- What to produce:
Starting at the line that holds "using subgroup_imp_group[OF C]" and stopping at the line that holds "using hom_from_infinite_cyclic[OF x", restate the records below word for word, with both of those lines included.

[Records drawn from a dataset]
────────────────────────────────────────
text \<open>A ping-pong pair generates a free group of rank two, which maps onto the perfect subgroup
  of the symmetric group generated by two 5-cycles.\<close>
lemma (in group) not_solvable_if_ping_pong:
  assumes x: "x \<in> carrier G" and y: "y \<in> carrier G" and disj: "A \<inter> B = {}"
    and one: "\<one> \<notin> A" "\<one> \<notin> B"
    and ping: "\<And>i s. i \<noteq> (0::int) \<Longrightarrow> s \<in> carrier G \<Longrightarrow> s \<notin> A \<Longrightarrow> x [^] i \<otimes> s \<in> A"
    and pong: "\<And>i s. i \<noteq> (0::int) \<Longrightarrow> s \<in> carrier G \<Longrightarrow> s \<notin> B \<Longrightarrow> y [^] i \<otimes> s \<in> B"
  shows "\<not> solvable G"
proof -
  let ?C = "generate G {x, y}"
  let ?S5 = "sym_group 5"
  have C: "subgroup ?C G" using generate_is_subgroup x y by auto
  interpret F: free_prod "G\<lparr>carrier := ?C\<rparr>" "generate G {x}" "generate G {y}"
    using subgroup_imp_group[OF C] ping_pong_free_product[OF x y disj one ping pong]
    by (simp add: free_prod_def free_prod_axioms_def)
  have "x [^] i = \<one> \<Longrightarrow> i = 0" "y [^] i = \<one> \<Longrightarrow> i = 0" for i :: int
    using ping[of i \<one>] pong[of i \<one>] one x y by (auto simp del: r_one)
  then obtain \<phi> \<psi> where
    \<phi>: "\<phi> \<in> hom (G\<lparr>carrier := generate G {x}\<rparr>) ?S5" "\<phi> x = cyc12345" and
    \<psi>: "\<psi> \<in> hom (G\<lparr>carrier := generate G {y}\<rparr>) ?S5" "\<psi> y = cyc13542"
    using hom_from_infinite_cyclic[OF x _ sym_group_is_group] hom_from_infinite_cyclic[OF y _ sym_group_is_group]
      five_cycles_carrier by metis
  have "\<exists>\<Psi> \<in> hom (G\<lparr>carrier := ?C\<rparr>) ?S5.
      (\<forall>g\<in>generate G {x}. \<Psi> g = \<phi> g) \<and> (\<forall>h\<in>generate G {y}. \<Psi> h = \<psi> h)"
    using F.exists_hom_extension[OF sym_group_is_group[of 5], of \<phi> \<psi>] \<phi>(1) \<psi>(1) by simp
  then obtain \<Psi> where \<Psi>: "\<Psi> \<in> hom (G\<lparr>carrier := ?C\<rparr>) ?S5"
    "\<forall>g\<in>generate G {x}. \<Psi> g = \<phi> g" "\<forall>h\<in>generate G {y}. \<Psi> h = \<psi> h"
    by blast
  interpret \<Psi>: group_hom "G\<lparr>carrier := ?C\<rparr>" ?S5 \<Psi>
    using \<Psi>(1) subgroup_imp_group[OF C] sym_group_is_group by (simp add: group_hom_def group_hom_axioms_def)
  have "x \<in> generate G {x}" "y \<in> generate G {y}" "{x, y} \<subseteq> ?C" by (auto intro: generate.incl)
  then have xy: "{x, y} \<subseteq> ?C" "\<Psi> x = cyc12345" "\<Psi> y = cyc13542"
    using \<Psi> \<phi>(2) \<psi>(2) by auto
  have "\<Psi> ` ?C = generate ?S5 {cyc12345, cyc13542}"
    using \<Psi>.generate_img[of "{x, y}"] generate_consistent[OF xy(1) C] xy by simp
  moreover have "generate ?S5 {cyc12345, cyc13542} \<noteq> {\<one>\<^bsub>?S5\<^esub>}"
    using generate.incl[of cyc12345 "{cyc12345, cyc13542}" ?S5] cyc12345_neq_id by (auto simp: sym_group_one)
  ultimately show ?thesis
    using not_solvable_if_perfect_image[OF C sym_group_is_group \<Psi>(1)] perfect_five_cycle_subgroup by simp
qed

context free_prod
begin

lemma ping_sets_disjoint:
  assumes a: "a \<in> G" "a \<noteq> \<one>" and a': "a' \<in> G" "a' \<noteq> \<one>" "a \<noteq> a'" and b: "b \<in> H"
  shows "ping_set a b \<inter> ping_set a' b = {}"
proof -
  have "a \<noteq> b" "a' \<noteq> b" using a a' b G_inter_H by auto
  moreover have "inv a \<noteq> inv a'"
  proof
    assume "inv a = inv a'"
    then have "inv (inv a) = inv (inv a')" by simp
    then show False using a a' G_carrier by (simp add: subsetD)
  qed
  ultimately show ?thesis using a'(3) unfolding ping_set_def prefix_set_def by auto
qed

lemma not_solvable_if_three_elements:
  assumes a: "a \<in> G" "a \<noteq> \<one>" and a': "a' \<in> G" "a' \<noteq> \<one>" "a \<noteq> a'" and b: "b \<in> H" "b \<noteq> \<one>"
  shows "\<not> solvable N"
  using not_solvable_if_ping_pong[OF ping_elem_closed[OF a(1) b(1)] ping_elem_closed[OF a'(1) b(1)]
      ping_sets_disjoint[OF a a' b(1)] one_notin_ping_set one_notin_ping_set
      ping_set_int_pow_mult[OF a b] ping_set_int_pow_mult[OF a'(1,2) b]] .

end

section \<open>The infinite dihedral group\<close>

lemma carrier_Dinf [simp]: "carrier Dinf = UNIV"
  and one_Dinf [simp]: "\<one>\<^bsub>Dinf\<^esub> = (0, False)"
  and mult_Dinf [simp]: "x \<otimes>\<^bsub>Dinf\<^esub> y = (fst x + (if snd x then - fst y else fst y), snd x \<noteq> snd y)"
  unfolding Dinf_def by simp_all

lemma group_Dinf: "group Dinf"
proof (rule groupI)
  fix x y z :: "int \<times> bool"
  show "x \<otimes>\<^bsub>Dinf\<^esub> y \<otimes>\<^bsub>Dinf\<^esub> z = x \<otimes>\<^bsub>Dinf\<^esub> (y \<otimes>\<^bsub>Dinf\<^esub> z)" by auto
  show "\<exists>y\<in>carrier Dinf. y \<otimes>\<^bsub>Dinf\<^esub> x = \<one>\<^bsub>Dinf\<^esub>"
    by (rule bexI[of _ "(if snd x then fst x else - fst x, snd x)"]) auto
qed auto

locale free_prod_order_two = free_prod +
  fixes a b
  assumes G_eq: "G = {\<one>, a}" and a_neq_one: "a \<noteq> \<one>"
    and H_eq: "H = {\<one>, b}" and b_neq_one: "b \<noteq> \<one>"
begin

lemma a_carrier: "a \<in> carrier N" and b_carrier: "b \<in> carrier N"
  using G_eq H_eq G_carrier H_carrier by auto

lemma factor_of_order_two:
  assumes "A = {\<one>, c}" "c \<noteq> \<one>" "subgroup A N" shows "c \<otimes> c = \<one>"
proof -
  have "inv c \<in> A" "c \<in> carrier N" using assms subgroup.m_inv_closed subgroup.subset by fastforce+
  then have "inv c = c" using assms by auto
  then show ?thesis using \<open>c \<in> carrier N\<close> r_inv by metis
qed

lemma a_a: "a \<otimes> a = \<one>" and b_b: "b \<otimes> b = \<one>"
  using factor_of_order_two G_eq H_eq a_neq_one b_neq_one subgroup_G subgroup_H by auto

lemma letters_eq: "letters = {a, b}" and a_neq_b: "a \<noteq> b"
  using G_eq H_eq G_inter_H a_neq_one b_neq_one unfolding letters_def by auto

lemma letter_hom_G: "(\<lambda>g. if g = \<one> then (0, False) else (0, True)) \<in> hom (N\<lparr>carrier := G\<rparr>) Dinf"
  using G_eq a_a a_carrier a_neq_one by (intro homI) auto

lemma letter_hom_H: "(\<lambda>h. if h = \<one> then (0, False) else (1, True)) \<in> hom (N\<lparr>carrier := H\<rparr>) Dinf"
  using H_eq b_b b_carrier b_neq_one by (intro homI) auto

sublocale free_prod_extension N G H Dinf
  "\<lambda>g. if g = \<one> then (0, False) else (0, True)" "\<lambda>h. if h = \<one> then (0, False) else (1, True)"
  using free_prod_axioms group_Dinf letter_hom_G letter_hom_H
  unfolding free_prod_extension_def free_prod_extension_axioms_def by blast

lemma extension_a: "extension a = (0, True)" and extension_b: "extension b = (1, True)"
  using extension_letter letter_image_G letter_image_H G_eq H_eq a_neq_one b_neq_one by auto

lemma extension_reduced_word:
  "reduced w \<Longrightarrow> w \<noteq> [] \<Longrightarrow> extension (word_prod w) =
    (if hd w = a then - int (length w div 2) else int ((length w + 1) div 2), odd (length w))"
proof (induction w)
  case (Cons c w)
  have c: "c = a \<or> c = b" and w: "reduced w" and wc: "set w \<subseteq> carrier N"
    using Cons.prems letters_eq reduced_carrier by (auto simp: reduced_Cons)
  have "extension (word_prod (c # w)) = extension c \<otimes>\<^bsub>Dinf\<^esub> extension (word_prod w)"
    using extension_hom c a_carrier b_carrier foldr_mult_closed[OF wc] by (auto simp: hom_mult)
  moreover have "hd w = (if c = a then b else a)" if "w \<noteq> []"
    using Cons.prems that c hd_letter[OF w] letters_eq a_neq_b same_factor_refl
    by (auto simp: reduced_Cons)
  ultimately show ?case
    using Cons.IH[OF w] c extension_a extension_b a_neq_b
    by (cases "w = []") (auto elim!: evenE oddE)
qed simp

lemma extension_inj:
  assumes x: "x \<in> carrier N" and ext: "extension x = \<one>\<^bsub>Dinf\<^esub>" shows "x = \<one>"
proof (rule ccontr)
  assume "x \<noteq> \<one>"
  then have "normal_form x \<noteq> []" using word_prod_normal_form[OF x] by auto
  then have "extension x = (if hd (normal_form x) = a then - int (length (normal_form x) div 2)
      else int ((length (normal_form x) + 1) div 2), odd (length (normal_form x)))"
    using extension_reduced_word[OF reduced_normal_form[OF x]] word_prod_normal_form[OF x] by simp
  then show False using ext \<open>normal_form x \<noteq> []\<close> by (auto elim!: evenE oddE split: if_splits)
qed

lemma extension_translations:
  "\<exists>x\<in>carrier N. extension x = (int k, False) \<and> (\<exists>y\<in>carrier N. extension y = (- int k, False))"
proof (induction k)
  case 0
  then show ?case by (auto intro: bexI[of _ \<one>])
next
  case (Suc k)
  then obtain x y where "x \<in> carrier N" "extension x = (int k, False)"
    "y \<in> carrier N" "extension y = (- int k, False)" by blast
  then show ?case
    using extension_hom a_carrier b_carrier extension_a extension_b
    by (intro bexI[of _ "b \<otimes> a \<otimes> x"] conjI bexI[of _ "a \<otimes> b \<otimes> y"]) (auto simp: hom_mult)
qed

lemma extension_surj: "extension ` carrier N = carrier Dinf"
proof -
  have even: "(n, False) \<in> extension ` carrier N" for n :: int
  proof (cases "n \<ge> 0")
    case True
    from extension_translations[of "nat n"] obtain x where x: "x \<in> carrier N" "extension x = (int (nat n), False)"
      by blast
    then have "(n, False) = extension x" using True by simp
    then show ?thesis by (rule rev_image_eqI[OF x(1)])
  next
    case False
    from extension_translations[of "nat (- n)"] obtain x where x: "x \<in> carrier N" "extension x = (- int (nat (- n)), False)"
      by blast
    then have "(n, False) = extension x" using False by simp
    then show ?thesis by (rule rev_image_eqI[OF x(1)])
  qed
  have odd: "(n, True) \<in> extension ` carrier N" for n :: int
  proof -
    obtain x where x: "(n, False) = extension x" "x \<in> carrier N" using even[of n] by (rule imageE)
    then have "(n, True) = extension (x \<otimes> a)"
      using extension_hom a_carrier extension_a by (simp add: hom_mult x(1)[symmetric])
    then show ?thesis by (rule rev_image_eqI[OF m_closed[OF x(2) a_carrier]])
  qed
  show ?thesis
  proof (intro equalityI subsetI)
    fix p :: "int \<times> bool"
    show "p \<in> extension ` carrier N" using even odd by (cases p; cases "snd p") auto
  qed simp
qed

lemma iso_Dinf: "N \<cong> Dinf"
proof -
  interpret group_hom N Dinf extension
    using extension_hom group_Dinf by (simp add: group_hom_def group_hom_axioms_def is_group)
  have "extension \<in> iso N Dinf"
    using iso_iff extension_surj extension_inj by auto
  then show ?thesis by (rule is_isoI)
qed

end

context free_prod
begin

text \<open>A factor with three elements would give a ping-pong pair, so both factors have order two.\<close>
lemma solvable_imp_iso_Dinf:
  assumes solv: "solvable N" and "G \<noteq> {\<one>}" "H \<noteq> {\<one>}"
  shows "N \<cong> Dinf"
proof -
  have "\<exists>a\<in>G. a \<noteq> \<one>" "\<exists>b\<in>H. b \<noteq> \<one>"
    using assms(2,3) subgroup.one_closed[OF subgroup_G] subgroup.one_closed[OF subgroup_H] by blast+
  then obtain a b where a: "a \<in> G" "a \<noteq> \<one>" and b: "b \<in> H" "b \<noteq> \<one>" by blast
  interpret HG: free_prod N H G by (rule free_prod_swap)
  have "G = {\<one>, a}"
  proof (intro equalityI subsetI)
    fix a' assume "a' \<in> G"
    then show "a' \<in> {\<one>, a}" using not_solvable_if_three_elements[OF a _ _ _ b, of a'] solv by auto
  qed (use a subgroup.one_closed[OF subgroup_G] in auto)
  moreover have "H = {\<one>, b}"
  proof (intro equalityI subsetI)
    fix b' assume "b' \<in> H"
    then show "b' \<in> {\<one>, b}" using HG.not_solvable_if_three_elements[OF b _ _ _ a, of b'] solv by auto
  qed (use b subgroup.one_closed[OF subgroup_H] in auto)
  ultimately interpret free_prod_order_two N G H a b
    using a b by unfold_locales
  show ?thesis by (rule iso_Dinf)
qed

end

theorem lemma6p1:
  fixes N :: "('a, 'b) monoid_scheme" and K G H :: "'a set"
  assumes "group N"
    and "K \<lhd> N"
    and "perfect_subgroup N K"
    and "solvable (N Mod K)"
    and "free_product N G H"
  shows "perfect_subgroup N G \<or> perfect_subgroup N H \<or> N Mod K \<cong> Dinf"
proof -
  interpret free_prod N G H
    using assms(1,5) by (simp add: free_prod_def free_prod_axioms_def)
  interpret perfect_quotient N G H K
    using assms(2,3) free_prod_axioms unfolding perfect_quotient_def perfect_quotient_axioms_def perfect_subgroup_def
    by blast
  interpret Q: free_prod "N Mod K" "proj ` G" "proj ` H"
    using group_Mod quotient_free_product by (simp add: free_prod_def free_prod_axioms_def)
  interpret HG: free_prod N H G by (rule free_prod_swap)
  have K: "K \<subseteq> carrier N" using subgroup_K subgroup.subset by blast
  show ?thesis
  proof (cases "G \<subseteq> K \<or> H \<subseteq> K")
    case True
    then show ?thesis
      using perfect_subgroup_G_if_subset_perfect[OF K perfect_K]
        HG.perfect_subgroup_G_if_subset_perfect[OF K perfect_K] by blast
  next
    case False
    then have "proj ` G \<noteq> {\<one>\<^bsub>N Mod K\<^esub>}" "proj ` H \<noteq> {\<one>\<^bsub>N Mod K\<^esub>}"
      using proj_image_trivial_iff[OF G_carrier] proj_image_trivial_iff[OF H_carrier] by blast+
    then show ?thesis using Q.solvable_imp_iso_Dinf assms(4) by simp
  qed
qed

end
────────────────────────────────────────
- Result below:
    using subgroup_imp_group[OF C] ping_pong_free_product[OF x y disj one ping pong]
    by (simp add: free_prod_def free_prod_axioms_def)
  have "x [^] i = \<one> \<Longrightarrow> i = 0" "y [^] i = \<one> \<Longrightarrow> i = 0" for i :: int
    using ping[of i \<one>] pong[of i \<one>] one x y by (auto simp del: r_one)
  then obtain \<phi> \<psi> where
    \<phi>: "\<phi> \<in> hom (G\<lparr>carrier := generate G {x}\<rparr>) ?S5" "\<phi> x = cyc12345" and
    \<psi>: "\<psi> \<in> hom (G\<lparr>carrier := generate G {y}\<rparr>) ?S5" "\<psi> y = cyc13542"
    using hom_from_infinite_cyclic[OF x _ sym_group_is_group] hom_from_infinite_cyclic[OF y _ sym_group_is_group]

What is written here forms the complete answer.